EXERCISE REQUIREMENTS. For the records below, give the number of lines that include the string "theorem". Nothing else belongs in the answer.

SOURCE DATA.
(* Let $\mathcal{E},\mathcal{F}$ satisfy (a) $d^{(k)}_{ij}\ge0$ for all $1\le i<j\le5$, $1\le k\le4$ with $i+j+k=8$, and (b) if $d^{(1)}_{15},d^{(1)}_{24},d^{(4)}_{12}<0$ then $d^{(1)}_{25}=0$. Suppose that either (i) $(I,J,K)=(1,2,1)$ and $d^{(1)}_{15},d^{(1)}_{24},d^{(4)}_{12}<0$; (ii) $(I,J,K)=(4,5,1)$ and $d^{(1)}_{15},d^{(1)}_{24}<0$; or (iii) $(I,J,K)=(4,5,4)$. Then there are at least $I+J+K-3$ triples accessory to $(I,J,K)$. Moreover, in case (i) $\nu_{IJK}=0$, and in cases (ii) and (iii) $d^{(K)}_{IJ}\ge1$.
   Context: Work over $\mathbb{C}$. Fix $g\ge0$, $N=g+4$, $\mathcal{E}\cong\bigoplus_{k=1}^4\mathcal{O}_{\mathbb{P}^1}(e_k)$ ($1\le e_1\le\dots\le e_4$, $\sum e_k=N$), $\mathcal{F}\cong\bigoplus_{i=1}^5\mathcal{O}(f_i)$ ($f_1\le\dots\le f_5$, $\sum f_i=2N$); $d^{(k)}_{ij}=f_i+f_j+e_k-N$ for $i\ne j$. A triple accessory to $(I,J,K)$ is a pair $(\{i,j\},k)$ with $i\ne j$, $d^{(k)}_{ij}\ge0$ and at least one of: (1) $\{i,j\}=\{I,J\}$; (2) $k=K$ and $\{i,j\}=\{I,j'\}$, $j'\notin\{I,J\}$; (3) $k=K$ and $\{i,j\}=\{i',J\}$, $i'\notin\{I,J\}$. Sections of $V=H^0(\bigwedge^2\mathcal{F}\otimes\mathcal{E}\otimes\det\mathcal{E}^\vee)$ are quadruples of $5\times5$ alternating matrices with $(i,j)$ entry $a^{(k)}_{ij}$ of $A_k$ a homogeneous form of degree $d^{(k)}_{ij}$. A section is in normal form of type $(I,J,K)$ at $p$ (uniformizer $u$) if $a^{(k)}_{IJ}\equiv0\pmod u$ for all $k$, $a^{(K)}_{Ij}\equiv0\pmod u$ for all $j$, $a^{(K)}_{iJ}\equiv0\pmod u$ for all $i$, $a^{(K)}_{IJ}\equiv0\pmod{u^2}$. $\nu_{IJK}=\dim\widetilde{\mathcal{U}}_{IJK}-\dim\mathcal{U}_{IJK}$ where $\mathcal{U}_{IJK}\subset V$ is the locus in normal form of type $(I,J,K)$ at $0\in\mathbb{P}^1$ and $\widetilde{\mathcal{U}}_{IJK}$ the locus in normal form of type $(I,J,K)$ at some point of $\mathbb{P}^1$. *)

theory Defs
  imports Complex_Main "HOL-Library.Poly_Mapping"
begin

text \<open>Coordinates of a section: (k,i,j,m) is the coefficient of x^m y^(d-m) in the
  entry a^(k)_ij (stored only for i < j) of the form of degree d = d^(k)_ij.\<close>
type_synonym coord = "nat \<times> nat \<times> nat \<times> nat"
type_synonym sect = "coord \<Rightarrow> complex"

* * *

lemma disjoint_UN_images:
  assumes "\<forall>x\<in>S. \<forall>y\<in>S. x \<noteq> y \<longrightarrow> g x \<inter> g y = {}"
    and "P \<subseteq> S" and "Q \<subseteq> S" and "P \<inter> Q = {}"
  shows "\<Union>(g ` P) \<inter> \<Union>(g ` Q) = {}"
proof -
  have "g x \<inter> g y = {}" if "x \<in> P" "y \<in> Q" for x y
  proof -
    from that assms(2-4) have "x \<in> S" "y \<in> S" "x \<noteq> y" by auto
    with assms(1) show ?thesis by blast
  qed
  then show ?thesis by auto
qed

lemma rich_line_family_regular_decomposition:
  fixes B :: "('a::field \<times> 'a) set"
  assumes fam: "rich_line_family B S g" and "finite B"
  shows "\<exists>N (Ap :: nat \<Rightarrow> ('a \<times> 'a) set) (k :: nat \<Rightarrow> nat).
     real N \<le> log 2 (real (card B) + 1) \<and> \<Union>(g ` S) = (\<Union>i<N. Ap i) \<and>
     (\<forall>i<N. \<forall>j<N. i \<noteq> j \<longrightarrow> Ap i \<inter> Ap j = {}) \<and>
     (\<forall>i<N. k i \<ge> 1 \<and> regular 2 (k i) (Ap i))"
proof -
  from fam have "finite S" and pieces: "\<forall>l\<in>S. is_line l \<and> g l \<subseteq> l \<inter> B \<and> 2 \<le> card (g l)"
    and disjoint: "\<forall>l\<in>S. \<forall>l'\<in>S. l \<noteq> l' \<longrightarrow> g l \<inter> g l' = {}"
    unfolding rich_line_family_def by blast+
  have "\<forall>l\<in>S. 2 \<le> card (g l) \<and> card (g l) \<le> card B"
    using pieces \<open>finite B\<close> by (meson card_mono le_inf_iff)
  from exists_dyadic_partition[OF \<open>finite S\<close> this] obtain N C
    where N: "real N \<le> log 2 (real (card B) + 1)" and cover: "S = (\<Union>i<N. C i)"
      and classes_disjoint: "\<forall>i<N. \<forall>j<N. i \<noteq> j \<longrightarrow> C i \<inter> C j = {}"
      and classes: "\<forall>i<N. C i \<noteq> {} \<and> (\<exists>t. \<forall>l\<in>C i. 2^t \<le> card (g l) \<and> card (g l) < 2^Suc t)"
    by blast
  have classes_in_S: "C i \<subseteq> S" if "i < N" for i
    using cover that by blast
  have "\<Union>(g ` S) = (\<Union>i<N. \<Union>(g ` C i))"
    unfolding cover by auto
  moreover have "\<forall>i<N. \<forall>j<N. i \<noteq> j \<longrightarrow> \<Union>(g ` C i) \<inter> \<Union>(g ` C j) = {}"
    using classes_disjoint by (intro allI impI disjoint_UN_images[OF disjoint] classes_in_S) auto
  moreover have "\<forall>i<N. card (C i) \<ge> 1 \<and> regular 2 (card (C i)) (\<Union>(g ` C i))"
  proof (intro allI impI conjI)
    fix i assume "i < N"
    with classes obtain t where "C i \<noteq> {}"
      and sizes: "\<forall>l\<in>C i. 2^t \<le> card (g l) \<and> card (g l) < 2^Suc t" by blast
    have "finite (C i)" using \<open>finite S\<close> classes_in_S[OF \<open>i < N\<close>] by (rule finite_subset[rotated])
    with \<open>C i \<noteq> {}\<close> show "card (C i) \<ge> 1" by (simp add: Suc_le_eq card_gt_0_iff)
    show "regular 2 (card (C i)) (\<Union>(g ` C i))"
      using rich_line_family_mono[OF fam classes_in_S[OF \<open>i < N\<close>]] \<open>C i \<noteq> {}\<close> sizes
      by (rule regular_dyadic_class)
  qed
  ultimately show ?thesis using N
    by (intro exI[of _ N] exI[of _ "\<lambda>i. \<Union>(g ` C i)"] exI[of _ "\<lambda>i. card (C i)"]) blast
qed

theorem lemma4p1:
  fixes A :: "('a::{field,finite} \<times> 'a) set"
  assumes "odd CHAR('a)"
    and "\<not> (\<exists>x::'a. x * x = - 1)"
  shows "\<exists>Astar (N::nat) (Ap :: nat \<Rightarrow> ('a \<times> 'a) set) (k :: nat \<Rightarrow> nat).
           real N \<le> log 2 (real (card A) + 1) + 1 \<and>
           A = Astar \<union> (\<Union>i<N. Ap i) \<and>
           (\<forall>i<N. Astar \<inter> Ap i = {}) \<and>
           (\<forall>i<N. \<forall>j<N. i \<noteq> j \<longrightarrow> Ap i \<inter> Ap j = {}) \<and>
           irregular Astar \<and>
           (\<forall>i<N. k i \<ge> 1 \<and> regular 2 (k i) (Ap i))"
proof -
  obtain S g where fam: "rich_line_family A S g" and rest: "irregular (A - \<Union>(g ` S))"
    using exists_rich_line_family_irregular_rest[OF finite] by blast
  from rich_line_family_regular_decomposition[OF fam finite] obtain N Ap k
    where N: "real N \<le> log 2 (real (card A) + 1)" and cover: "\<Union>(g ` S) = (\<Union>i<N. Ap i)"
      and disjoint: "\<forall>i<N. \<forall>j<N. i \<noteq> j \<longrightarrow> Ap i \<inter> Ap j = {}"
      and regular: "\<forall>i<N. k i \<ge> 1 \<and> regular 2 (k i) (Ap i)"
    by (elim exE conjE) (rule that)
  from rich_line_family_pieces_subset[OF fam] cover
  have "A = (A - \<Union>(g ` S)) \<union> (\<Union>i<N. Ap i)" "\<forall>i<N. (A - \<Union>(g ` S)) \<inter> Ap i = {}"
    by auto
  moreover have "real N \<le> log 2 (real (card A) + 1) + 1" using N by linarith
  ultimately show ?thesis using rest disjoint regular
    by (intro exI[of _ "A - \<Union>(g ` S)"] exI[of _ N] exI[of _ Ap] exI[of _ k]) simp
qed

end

...

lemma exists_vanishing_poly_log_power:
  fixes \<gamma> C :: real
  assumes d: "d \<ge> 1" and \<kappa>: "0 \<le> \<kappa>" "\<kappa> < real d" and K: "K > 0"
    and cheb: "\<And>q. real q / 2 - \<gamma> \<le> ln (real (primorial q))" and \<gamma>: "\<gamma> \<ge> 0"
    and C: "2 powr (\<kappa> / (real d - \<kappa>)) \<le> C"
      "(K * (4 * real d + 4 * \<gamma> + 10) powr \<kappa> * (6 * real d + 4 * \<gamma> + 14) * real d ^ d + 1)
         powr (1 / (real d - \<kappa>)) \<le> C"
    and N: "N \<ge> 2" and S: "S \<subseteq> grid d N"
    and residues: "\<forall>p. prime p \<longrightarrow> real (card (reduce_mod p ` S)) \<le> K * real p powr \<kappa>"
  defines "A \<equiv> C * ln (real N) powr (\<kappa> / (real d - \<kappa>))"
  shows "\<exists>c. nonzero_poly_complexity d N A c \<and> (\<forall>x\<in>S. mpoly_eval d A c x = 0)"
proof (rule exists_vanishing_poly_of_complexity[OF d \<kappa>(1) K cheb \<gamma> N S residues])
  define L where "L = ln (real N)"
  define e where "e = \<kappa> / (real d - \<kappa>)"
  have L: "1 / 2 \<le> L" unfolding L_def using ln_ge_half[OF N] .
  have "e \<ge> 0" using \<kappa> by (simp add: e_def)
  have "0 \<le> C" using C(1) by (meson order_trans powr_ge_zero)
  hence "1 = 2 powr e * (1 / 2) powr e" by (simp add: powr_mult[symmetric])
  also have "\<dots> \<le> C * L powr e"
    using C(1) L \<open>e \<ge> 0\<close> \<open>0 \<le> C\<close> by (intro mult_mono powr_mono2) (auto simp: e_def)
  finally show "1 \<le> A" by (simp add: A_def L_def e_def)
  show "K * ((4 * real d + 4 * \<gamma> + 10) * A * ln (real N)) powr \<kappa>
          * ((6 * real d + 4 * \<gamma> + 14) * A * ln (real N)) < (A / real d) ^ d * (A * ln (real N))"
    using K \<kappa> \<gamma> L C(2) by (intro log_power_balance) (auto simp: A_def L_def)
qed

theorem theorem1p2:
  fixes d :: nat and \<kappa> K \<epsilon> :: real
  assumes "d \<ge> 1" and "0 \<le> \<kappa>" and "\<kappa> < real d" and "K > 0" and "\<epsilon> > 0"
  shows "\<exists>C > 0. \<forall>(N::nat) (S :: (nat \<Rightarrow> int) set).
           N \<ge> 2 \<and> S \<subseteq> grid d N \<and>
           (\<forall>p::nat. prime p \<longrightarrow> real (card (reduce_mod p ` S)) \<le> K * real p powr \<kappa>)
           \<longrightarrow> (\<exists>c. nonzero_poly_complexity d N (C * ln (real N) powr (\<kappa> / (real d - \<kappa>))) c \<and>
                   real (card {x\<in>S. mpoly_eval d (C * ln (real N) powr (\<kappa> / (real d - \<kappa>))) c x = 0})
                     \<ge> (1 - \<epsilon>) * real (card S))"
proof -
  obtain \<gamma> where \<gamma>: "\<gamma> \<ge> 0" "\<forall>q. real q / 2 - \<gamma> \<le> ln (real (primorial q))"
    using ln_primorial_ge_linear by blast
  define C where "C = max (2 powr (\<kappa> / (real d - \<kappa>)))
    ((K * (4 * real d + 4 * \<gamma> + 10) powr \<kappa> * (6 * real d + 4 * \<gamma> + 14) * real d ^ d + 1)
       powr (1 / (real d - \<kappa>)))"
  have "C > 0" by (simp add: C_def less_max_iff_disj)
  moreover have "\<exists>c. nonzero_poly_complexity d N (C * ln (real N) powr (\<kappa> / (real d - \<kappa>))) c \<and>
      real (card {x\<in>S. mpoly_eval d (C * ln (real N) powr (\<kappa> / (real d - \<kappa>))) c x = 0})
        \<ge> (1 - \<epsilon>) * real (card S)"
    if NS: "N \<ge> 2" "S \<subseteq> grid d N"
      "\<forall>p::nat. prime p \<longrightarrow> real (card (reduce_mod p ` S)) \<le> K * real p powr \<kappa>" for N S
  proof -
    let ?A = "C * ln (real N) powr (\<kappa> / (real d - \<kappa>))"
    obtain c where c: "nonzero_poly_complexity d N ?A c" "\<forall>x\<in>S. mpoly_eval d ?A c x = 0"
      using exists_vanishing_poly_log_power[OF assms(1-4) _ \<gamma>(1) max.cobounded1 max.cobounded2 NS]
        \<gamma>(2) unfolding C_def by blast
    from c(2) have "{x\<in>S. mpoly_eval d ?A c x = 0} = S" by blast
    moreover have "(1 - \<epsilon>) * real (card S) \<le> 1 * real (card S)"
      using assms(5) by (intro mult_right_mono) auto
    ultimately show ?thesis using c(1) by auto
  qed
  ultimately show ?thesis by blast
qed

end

RESULT OF THIS TASK. 2